### Directions for this task
Repeat the entries below in full, with every character unchanged.

━━━━━ Dataset

lemma nn_integral_fnet_energy_le:
  fixes \<phi> :: "'s::finite \<Rightarrow> 's \<Rightarrow> 'a::finite \<Rightarrow> 'd::finite \<Rightarrow> real"
  assumes feat: "\<And>s x a. (\<Sum>i\<in>UNIV. (\<phi> s x a i)\<^sup>2) \<le> 1"
  shows "(\<integral>\<^sup>+ w. ennreal (fnet_energy \<phi> m (fst w) (snd w)) \<partial>init_measure m)
    \<le> ennreal (real CARD('s) ^ 2 * real CARD('a))"
proof -
  let ?f = "\<lambda>s x a w. ennreal ((fnet m (fst w) (snd w) (\<phi> s x a))\<^sup>2)"
  have "(\<integral>\<^sup>+ w. ennreal (fnet_energy \<phi> m (fst w) (snd w)) \<partial>init_measure m)
      = (\<integral>\<^sup>+ w. (\<Sum>s\<in>UNIV. \<Sum>a\<in>UNIV. \<Sum>x\<in>UNIV. ?f s x a w) \<partial>init_measure m)"
    by (simp add: fnet_energy_def sum_nonneg)
  also have "\<dots> = (\<Sum>s\<in>UNIV. \<integral>\<^sup>+ w. (\<Sum>a\<in>UNIV. \<Sum>x\<in>UNIV. ?f s x a w) \<partial>init_measure m)"
    by (rule nn_integral_sum) measurable
  also have "\<dots> = (\<Sum>s\<in>UNIV. \<Sum>a\<in>UNIV. \<integral>\<^sup>+ w. (\<Sum>x\<in>UNIV. ?f s x a w) \<partial>init_measure m)"
    by (intro sum.cong refl nn_integral_sum) measurable
  also have "\<dots> = (\<Sum>s\<in>UNIV. \<Sum>a\<in>UNIV. \<Sum>x\<in>UNIV. \<integral>\<^sup>+ w. ?f s x a w \<partial>init_measure m)"
    by (intro sum.cong refl nn_integral_sum) measurable
  also have "\<dots> \<le> (\<Sum>s\<in>(UNIV::'s set). \<Sum>a\<in>(UNIV::'a set). \<Sum>x\<in>(UNIV::'s set). 1)"
    by (intro sum_mono nn_integral_fnet_init_sq_le feat)
  also have "\<dots> = ennreal (real CARD('s) ^ 2 * real CARD('a))"
    by (simp add: power2_eq_square ennreal_of_nat_eq_real_of_nat ennreal_mult[symmetric] mult_ac)
  finally show ?thesis .
qed

section \<open>The data distribution\<close>

lemma pred_in_simplex[measurable]: "Measurable.pred borel (in_simplex :: ('s::finite \<Rightarrow> real) \<Rightarrow> bool)"
  unfolding in_simplex_def by measurable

━━━━━━━━━━

### Result of the task
lemma nn_integral_fnet_energy_le:
  fixes \<phi> :: "'s::finite \<Rightarrow> 's \<Rightarrow> 'a::finite \<Rightarrow> 'd::finite \<Rightarrow> real"
  assumes feat: "\<And>s x a. (\<Sum>i\<in>UNIV. (\<phi> s x a i)\<^sup>2) \<le> 1"
  shows "(\<integral>\<^sup>+ w. ennreal (fnet_energy \<phi> m (fst w) (snd w)) \<partial>init_measure m)
    \<le> ennreal (real CARD('s) ^ 2 * real CARD('a))"
proof -
  let ?f = "\<lambda>s x a w. ennreal ((fnet m (fst w) (snd w) (\<phi> s x a))\<^sup>2)"
  have "(\<integral>\<^sup>+ w. ennreal (fnet_energy \<phi> m (fst w) (snd w)) \<partial>init_measure m)
      = (\<integral>\<^sup>+ w. (\<Sum>s\<in>UNIV. \<Sum>a\<in>UNIV. \<Sum>x\<in>UNIV. ?f s x a w) \<partial>init_measure m)"
    by (simp add: fnet_energy_def sum_nonneg)
  also have "\<dots> = (\<Sum>s\<in>UNIV. \<integral>\<^sup>+ w. (\<Sum>a\<in>UNIV. \<Sum>x\<in>UNIV. ?f s x a w) \<partial>init_measure m)"
    by (rule nn_integral_sum) measurable
  also have "\<dots> = (\<Sum>s\<in>UNIV. \<Sum>a\<in>UNIV. \<integral>\<^sup>+ w. (\<Sum>x\<in>UNIV. ?f s x a w) \<partial>init_measure m)"
    by (intro sum.cong refl nn_integral_sum) measurable
  also have "\<dots> = (\<Sum>s\<in>UNIV. \<Sum>a\<in>UNIV. \<Sum>x\<in>UNIV. \<integral>\<^sup>+ w. ?f s x a w \<partial>init_measure m)"
    by (intro sum.cong refl nn_integral_sum) measurable
  also have "\<dots> \<le> (\<Sum>s\<in>(UNIV::'s set). \<Sum>a\<in>(UNIV::'a set). \<Sum>x\<in>(UNIV::'s set). 1)"
    by (intro sum_mono nn_integral_fnet_init_sq_le feat)
  also have "\<dots> = ennreal (real CARD('s) ^ 2 * real CARD('a))"
    by (simp add: power2_eq_square ennreal_of_nat_eq_real_of_nat ennreal_mult[symmetric] mult_ac)
  finally show ?thesis .
qed

section \<open>The data distribution\<close>

lemma pred_in_simplex[measurable]: "Measurable.pred borel (in_simplex :: ('s::finite \<Rightarrow> real) \<Rightarrow> bool)"
  unfolding in_simplex_def by measurable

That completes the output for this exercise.